== How to complete this task ==
From the listing below, pick out each line with the word "lemma".

== Given information ==
::::::
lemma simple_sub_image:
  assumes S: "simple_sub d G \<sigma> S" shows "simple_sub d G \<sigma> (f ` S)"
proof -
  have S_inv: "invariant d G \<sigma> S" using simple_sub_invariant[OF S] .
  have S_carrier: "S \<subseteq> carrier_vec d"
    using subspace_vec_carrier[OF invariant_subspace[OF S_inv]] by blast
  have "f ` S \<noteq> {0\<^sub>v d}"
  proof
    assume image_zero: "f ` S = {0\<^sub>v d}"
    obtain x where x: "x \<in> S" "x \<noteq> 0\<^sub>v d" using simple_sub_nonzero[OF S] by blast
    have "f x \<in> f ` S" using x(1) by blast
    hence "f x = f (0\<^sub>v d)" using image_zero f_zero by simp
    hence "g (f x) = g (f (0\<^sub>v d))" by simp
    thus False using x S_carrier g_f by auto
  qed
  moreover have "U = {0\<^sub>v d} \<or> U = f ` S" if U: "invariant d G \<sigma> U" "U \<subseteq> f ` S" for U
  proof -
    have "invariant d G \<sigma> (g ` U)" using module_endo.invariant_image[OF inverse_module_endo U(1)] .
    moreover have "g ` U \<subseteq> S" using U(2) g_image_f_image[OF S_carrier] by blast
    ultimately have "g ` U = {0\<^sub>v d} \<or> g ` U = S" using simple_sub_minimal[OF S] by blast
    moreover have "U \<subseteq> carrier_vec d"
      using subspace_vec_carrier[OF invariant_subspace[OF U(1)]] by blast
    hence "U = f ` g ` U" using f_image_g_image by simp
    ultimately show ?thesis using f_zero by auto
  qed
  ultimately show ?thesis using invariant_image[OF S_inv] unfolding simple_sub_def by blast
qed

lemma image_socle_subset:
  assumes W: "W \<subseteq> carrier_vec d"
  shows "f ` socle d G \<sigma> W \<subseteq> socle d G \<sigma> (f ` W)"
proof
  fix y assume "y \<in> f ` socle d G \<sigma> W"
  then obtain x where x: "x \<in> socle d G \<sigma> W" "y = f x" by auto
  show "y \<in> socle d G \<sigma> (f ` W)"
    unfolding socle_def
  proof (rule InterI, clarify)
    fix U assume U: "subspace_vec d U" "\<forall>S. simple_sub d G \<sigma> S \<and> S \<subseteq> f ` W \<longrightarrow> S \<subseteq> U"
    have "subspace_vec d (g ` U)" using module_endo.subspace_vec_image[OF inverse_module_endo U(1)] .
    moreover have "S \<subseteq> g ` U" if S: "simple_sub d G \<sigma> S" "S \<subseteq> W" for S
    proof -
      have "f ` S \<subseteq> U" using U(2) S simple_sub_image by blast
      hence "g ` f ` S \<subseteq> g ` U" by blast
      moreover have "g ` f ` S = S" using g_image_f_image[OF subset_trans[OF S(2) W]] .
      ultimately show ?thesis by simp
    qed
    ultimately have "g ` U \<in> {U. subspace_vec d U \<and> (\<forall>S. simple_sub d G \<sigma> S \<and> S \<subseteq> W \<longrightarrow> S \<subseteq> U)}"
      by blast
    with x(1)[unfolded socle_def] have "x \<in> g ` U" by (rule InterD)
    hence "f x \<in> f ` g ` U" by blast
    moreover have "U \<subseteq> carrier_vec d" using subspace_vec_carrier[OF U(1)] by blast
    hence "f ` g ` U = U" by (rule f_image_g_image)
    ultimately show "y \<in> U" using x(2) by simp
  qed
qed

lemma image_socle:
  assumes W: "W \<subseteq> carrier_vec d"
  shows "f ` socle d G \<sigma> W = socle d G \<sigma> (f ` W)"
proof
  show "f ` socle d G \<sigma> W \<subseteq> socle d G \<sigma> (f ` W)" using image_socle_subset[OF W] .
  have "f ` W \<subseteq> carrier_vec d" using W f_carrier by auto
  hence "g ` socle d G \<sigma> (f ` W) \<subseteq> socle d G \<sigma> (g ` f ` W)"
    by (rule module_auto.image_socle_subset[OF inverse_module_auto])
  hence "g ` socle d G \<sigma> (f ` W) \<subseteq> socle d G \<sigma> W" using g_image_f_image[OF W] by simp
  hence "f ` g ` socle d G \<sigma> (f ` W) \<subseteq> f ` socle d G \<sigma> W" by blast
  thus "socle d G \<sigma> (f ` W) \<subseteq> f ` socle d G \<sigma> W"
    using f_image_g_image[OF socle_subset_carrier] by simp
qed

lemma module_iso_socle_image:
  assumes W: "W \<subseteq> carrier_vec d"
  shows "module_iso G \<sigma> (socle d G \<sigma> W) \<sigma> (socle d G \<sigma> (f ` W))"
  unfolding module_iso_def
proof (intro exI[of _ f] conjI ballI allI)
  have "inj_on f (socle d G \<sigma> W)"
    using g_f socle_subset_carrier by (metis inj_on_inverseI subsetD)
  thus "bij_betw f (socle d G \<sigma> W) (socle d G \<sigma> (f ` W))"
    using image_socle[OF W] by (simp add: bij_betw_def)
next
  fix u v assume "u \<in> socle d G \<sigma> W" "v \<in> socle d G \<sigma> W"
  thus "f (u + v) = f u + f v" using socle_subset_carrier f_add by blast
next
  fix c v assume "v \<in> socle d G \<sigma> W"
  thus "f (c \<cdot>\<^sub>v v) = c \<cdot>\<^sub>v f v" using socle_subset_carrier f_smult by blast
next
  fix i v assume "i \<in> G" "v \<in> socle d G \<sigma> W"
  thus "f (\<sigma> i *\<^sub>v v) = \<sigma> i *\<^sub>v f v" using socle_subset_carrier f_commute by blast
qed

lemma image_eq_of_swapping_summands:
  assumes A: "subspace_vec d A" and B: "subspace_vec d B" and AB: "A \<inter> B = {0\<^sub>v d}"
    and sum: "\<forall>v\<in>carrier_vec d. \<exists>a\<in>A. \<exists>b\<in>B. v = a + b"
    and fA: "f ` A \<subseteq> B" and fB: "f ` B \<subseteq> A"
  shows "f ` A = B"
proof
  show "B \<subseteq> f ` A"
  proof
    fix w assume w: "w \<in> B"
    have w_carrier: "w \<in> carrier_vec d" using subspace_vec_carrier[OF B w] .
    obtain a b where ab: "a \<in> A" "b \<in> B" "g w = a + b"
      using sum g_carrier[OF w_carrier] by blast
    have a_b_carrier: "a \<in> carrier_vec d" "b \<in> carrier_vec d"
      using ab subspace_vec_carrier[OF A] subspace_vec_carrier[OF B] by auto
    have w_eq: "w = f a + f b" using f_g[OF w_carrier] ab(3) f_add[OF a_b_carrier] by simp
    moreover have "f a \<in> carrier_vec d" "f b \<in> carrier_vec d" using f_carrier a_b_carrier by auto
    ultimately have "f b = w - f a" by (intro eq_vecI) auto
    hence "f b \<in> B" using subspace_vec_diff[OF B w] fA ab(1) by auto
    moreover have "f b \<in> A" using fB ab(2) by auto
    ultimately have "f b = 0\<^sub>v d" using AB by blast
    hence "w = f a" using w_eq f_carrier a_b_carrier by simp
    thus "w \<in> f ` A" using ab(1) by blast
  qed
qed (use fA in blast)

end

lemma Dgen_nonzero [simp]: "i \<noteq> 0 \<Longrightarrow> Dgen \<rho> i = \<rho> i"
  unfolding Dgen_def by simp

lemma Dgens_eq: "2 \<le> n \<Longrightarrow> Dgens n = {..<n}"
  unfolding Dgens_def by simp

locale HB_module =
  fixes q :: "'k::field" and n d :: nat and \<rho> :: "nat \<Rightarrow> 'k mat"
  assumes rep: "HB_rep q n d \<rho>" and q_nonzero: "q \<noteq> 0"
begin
::::::
== Result of the exercise ==
lemma simple_sub_image:
lemma image_socle_subset:
lemma image_socle:
lemma module_iso_socle_image:
lemma image_eq_of_swapping_summands:
lemma Dgen_nonzero [simp]: "i \<noteq> 0 \<Longrightarrow> Dgen \<rho> i = \<rho> i"
lemma Dgens_eq: "2 \<le> n \<Longrightarrow> Dgens n = {..<n}"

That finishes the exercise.